MEMORABILE: Jerry spiega le sensazioni che ha provato la prima volta che si è drogato
La Bier, alla sua prima trasferta americana, si conferma regista molto solida: anche qui la storia raccontata non è un inno all'originalità, ma la danese asciuga il racconto rendendolo (non sempre) scevro da sentimentalismi e retorici tuffi nel patetico riuscendo così a coinvolgere lo spettatore senza fuochi artificiali ma sfruttando appieno gli attori che ha a disposizione e l'universalità della vicenda narrata. A farla da padrone è un Del Toro che centra un'interpretazione molto sentita e intensa, spalleggiato da una brava Berry.
Il lutto e la droga: due piaghe terribili che avvicinano le rispettive vittime e vengono da queste sconfitte tramite la mutua comprensione. Dramma intenso, sofferto e concreto, sostenuto dalla regia minuziosamente calibrata della Bier - nessuna spettacolarizzazione, solo uno sguardo carico di pietas e affetto nei confronti dell'animo umano in pena - e dalla figura dolente di un grandissimo Benicio Del Toro. Molto bene anche Halle Berry e Alison Lohman.
MEMORABILE: La sofferenza psicofisica di del Toro sotto gli effetti dell'eroina; il pianto e la rabbia della Berry.

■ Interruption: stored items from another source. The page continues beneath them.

text \<open>Use \<open>\<parallel>u\<^sub>n\<parallel>\<^sup>2 = \<langle>u\<^sub>n - v\<^sub>n, u\<^sub>n\<rangle> + \<langle>v\<^sub>n, u\<^sub>n\<rangle>\<close>.\<close>
lemma tendsto_zero_of_asymptotically_orthogonal:
  assumes bounded: "\<And>n. norm (u n) \<le> 1"
    and close: "(\<lambda>n. u n - v n) \<longlonglongrightarrow> 0"
    and orthogonal: "(\<lambda>n. hin (v n) (u n)) \<longlonglongrightarrow> 0"
  shows "u \<longlonglongrightarrow> 0" and "v \<longlonglongrightarrow> 0"
proof -
  define g where "g = (\<lambda>n. norm (u n - v n) + cmod (hin (v n) (u n)))"
  have bound: "norm (u n) ^ 2 \<le> g n" for n
  proof -
    have "norm (u n) ^ 2 = Re (hin (u n - v n) (u n)) + Re (hin (v n) (u n))"
      by (simp add: norm_power2_eq_hin hin_diff_left)
    also have "Re (hin (u n - v n) (u n)) \<le> norm (u n - v n)"
      using Re_hin_le[of "u n - v n" "u n"] bounded[of n]
      by (meson mult_left_le norm_ge_zero order_trans)
    finally show ?thesis
      using complex_Re_le_cmod[of "hin (v n) (u n)"] by (simp add: g_def)
  qed
  have "g \<longlonglongrightarrow> 0"
    unfolding g_def by (intro tendsto_add_zero tendsto_norm_zero close orthogonal)
  then have "(\<lambda>n. norm (u n) ^ 2) \<longlonglongrightarrow> 0"
    by (rule Lim_null_comparison[rotated]) (simp add: bound)
  then have "(\<lambda>n. sqrt (norm (u n) ^ 2)) \<longlonglongrightarrow> 0"
    using tendsto_real_sqrt by fastforce
  then show "u \<longlonglongrightarrow> 0"
    by (simp add: tendsto_norm_zero_iff)
  with close show "v \<longlonglongrightarrow> 0"
    using tendsto_diff by fastforce
qed

end

section \<open>Representations\<close>

locale cstar_representation = cstar_algebra scC st + hilbert_space hsc hin
  for scC :: "complex \<Rightarrow> 'a::{real_normed_algebra_1,banach} \<Rightarrow> 'a" and st :: "'a \<Rightarrow> 'a"
    and hsc :: "complex \<Rightarrow> 'h::banach \<Rightarrow> 'h" and hin :: "'h \<Rightarrow> 'h \<Rightarrow> complex" +
  fixes \<pi> :: "'a \<Rightarrow> 'h \<Rightarrow> 'h"
  assumes star_representation: "star_representation scC st hsc hin \<pi>"
begin

lemma bounded_clinear_op_pi: "bounded_clinear_op hsc (\<pi> a)"
  using star_representation unfolding star_representation_def by blast

lemma bounded_linear_pi: "bounded_linear (\<pi> a)"
  by (rule bounded_clinear_op_bounded_linear[OF bounded_clinear_op_pi])

lemma pi_add: "\<pi> (x + y) v = \<pi> x v + \<pi> y v"
  using star_representation unfolding star_representation_def by metis

lemma pi_scC: "\<pi> (scC c x) v = hsc c (\<pi> x v)"
  using star_representation unfolding star_representation_def by metis

lemma pi_mult: "\<pi> (x * y) v = \<pi> x (\<pi> y v)"
  using star_representation unfolding star_representation_def by (metis comp_apply)

lemma pi_one: "\<pi> 1 v = v"
  using star_representation unfolding star_representation_def by (metis id_apply)

lemma pi_adjoint: "hin (\<pi> (st x) u) v = hin u (\<pi> x v)"
  using star_representation unfolding star_representation_def by blast

lemma pi_scaleR: "\<pi> (r *\<^sub>R x) v = r *\<^sub>R \<pi> x v"
  by (metis pi_scC scC_of_real hsc_of_real)

lemma pi_diff: "\<pi> (x - y) v = \<pi> x v - \<pi> y v"
  using pi_add[of "x - y" y v] by (simp add: eq_diff_eq)

lemma norm_power2_pi: "norm (\<pi> x w) ^ 2 = Re (hin w (\<pi> (st x * x) w))"
  by (metis norm_power2_eq_hin pi_adjoint pi_mult st_st)

text \<open>For \<open>t > \<parallel>x\<parallel>\<close>, applying \<open>\<pi>\<close> to a self-adjoint square root \<open>s\<close> of \<open>1 - x\<^sup>*x / t\<^sup>2\<close> gives
  \<open>\<parallel>w\<parallel>\<^sup>2 - \<parallel>\<pi> x w\<parallel>\<^sup>2 / t\<^sup>2 = \<parallel>\<pi> s w\<parallel>\<^sup>2 \<ge> 0\<close>.\<close>
lemma norm_pi_le: "norm (\<pi> x w) \<le> norm x * norm w"
proof (rule le_mult_of_forall_gt)
  fix t
  assume "norm x < t"
  then have "t > 0" using norm_ge_zero[of x] by linarith
  define h where "h = (1 / t\<^sup>2) *\<^sub>R (st x * x)"
  have "st h = h"
    unfolding h_def by (simp add: st_scaleR st_mult)
  moreover have "norm h < 1"
    using \<open>norm x < t\<close> \<open>t > 0\<close> power_strict_mono[of "norm x" t 2]
    by (simp add: h_def norm_st_mult_self divide_simps)
  ultimately obtain s where "st s = s" and s_square: "s * s = 1 - h"
    using selfadjoint_sqrt_one_minus by blast
  then have "norm (\<pi> s w) ^ 2 = Re (hin w (\<pi> (1 - h) w))"
    using norm_power2_pi[of s w] by simp
  also have "\<dots> = norm w ^ 2 - (1 / t\<^sup>2) * norm (\<pi> x w) ^ 2"
    by (simp add: h_def pi_diff pi_one pi_scaleR hin_diff_right hin_scaleR_right norm_power2_pi
        flip: norm_power2_eq_hin)
  finally have "(1 / t\<^sup>2) * norm (\<pi> x w) ^ 2 \<le> norm w ^ 2"
    using zero_le_power2[of "norm (\<pi> s w)"] by linarith
  then have "norm (\<pi> x w) ^ 2 \<le> (t * norm w) ^ 2"
    using \<open>t > 0\<close> by (simp add: divide_simps power_mult_distrib mult.commute)
  then show "norm (\<pi> x w) \<le> t * norm w"
    by (rule power2_le_imp_le) (use \<open>t > 0\<close> in simp)
qed simp

end

section \<open>The GNS representation of a trace\<close>

locale gns_trace = cstar_algebra scC st
  for scC :: "complex \<Rightarrow> 'a::{real_normed_algebra_1,banach} \<Rightarrow> 'a" and st :: "'a \<Rightarrow> 'a" +
  fixes \<tau> :: "'a \<Rightarrow> complex" and hsc :: "complex \<Rightarrow> 'h::banach \<Rightarrow> 'h"
    and hin :: "'h \<Rightarrow> 'h \<Rightarrow> complex" and \<pi> :: "'a \<Rightarrow> 'h \<Rightarrow> 'h" and \<xi> :: 'h
  assumes gns_representation: "gns_representation scC st \<tau> hsc hin \<pi> \<xi>"
    and tracial_state: "tracial_state scC st \<tau>"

Si gioca con i particolari, visivi e della storia e si gioca bene. Sono proprio i particolari (come spesso succede e lo sa bene chi indaga) a dare l'esatta visione di una vicenda, a far capire a fondo i personaggi e a trovare, dove possibile, una soluzione. La Bier sfrutta bene una sceneggiatura che usa i particolari (ma anche i bambini) per arrivare a un finale che non conclude ma che soddisfa e lascia porte aperte a tutte le positività che, di diritto, dovrebbero seguire le negatività vissute. Il tutto facilitato da bellezza e ricchezza.
Un tossicodipendente perde il suo migliore amico ma trova supporto nella moglie di lui. La prova di Susanne Bier è tecnicamente valida e tematicamente impegnativa. Dirige con attenzione e gusto del particolare una storia intricata che non manca di momenti intensi e a volte forti, che sottintendono una morale evolutiva sul concetto di rielaborazione e rinascita. La tristezza della vicenda aiuta a comporre l'amaro quadro emotivo dei protagonisti.
Giovane vedova ospiterà in casa il migliore amico del defunto marito. I temi sono lo scavo del dolore, la perdita improvvisa e l'elaborazione del lutto per una controversa Berry (solidale, egoista e di nuovo comprensiva). Meglio il ruolo di Del Toro, tranne quando lo fanno disintossicare coi bambini in giro per casa. Regia curata che si scontra con qualche accenno retorico con il gruppo di sostegno.
MEMORABILE: Del Toro che canta sotto la doccia Lou Reed; Nel quartiere dei tossici; La corsetta col vicino di casa.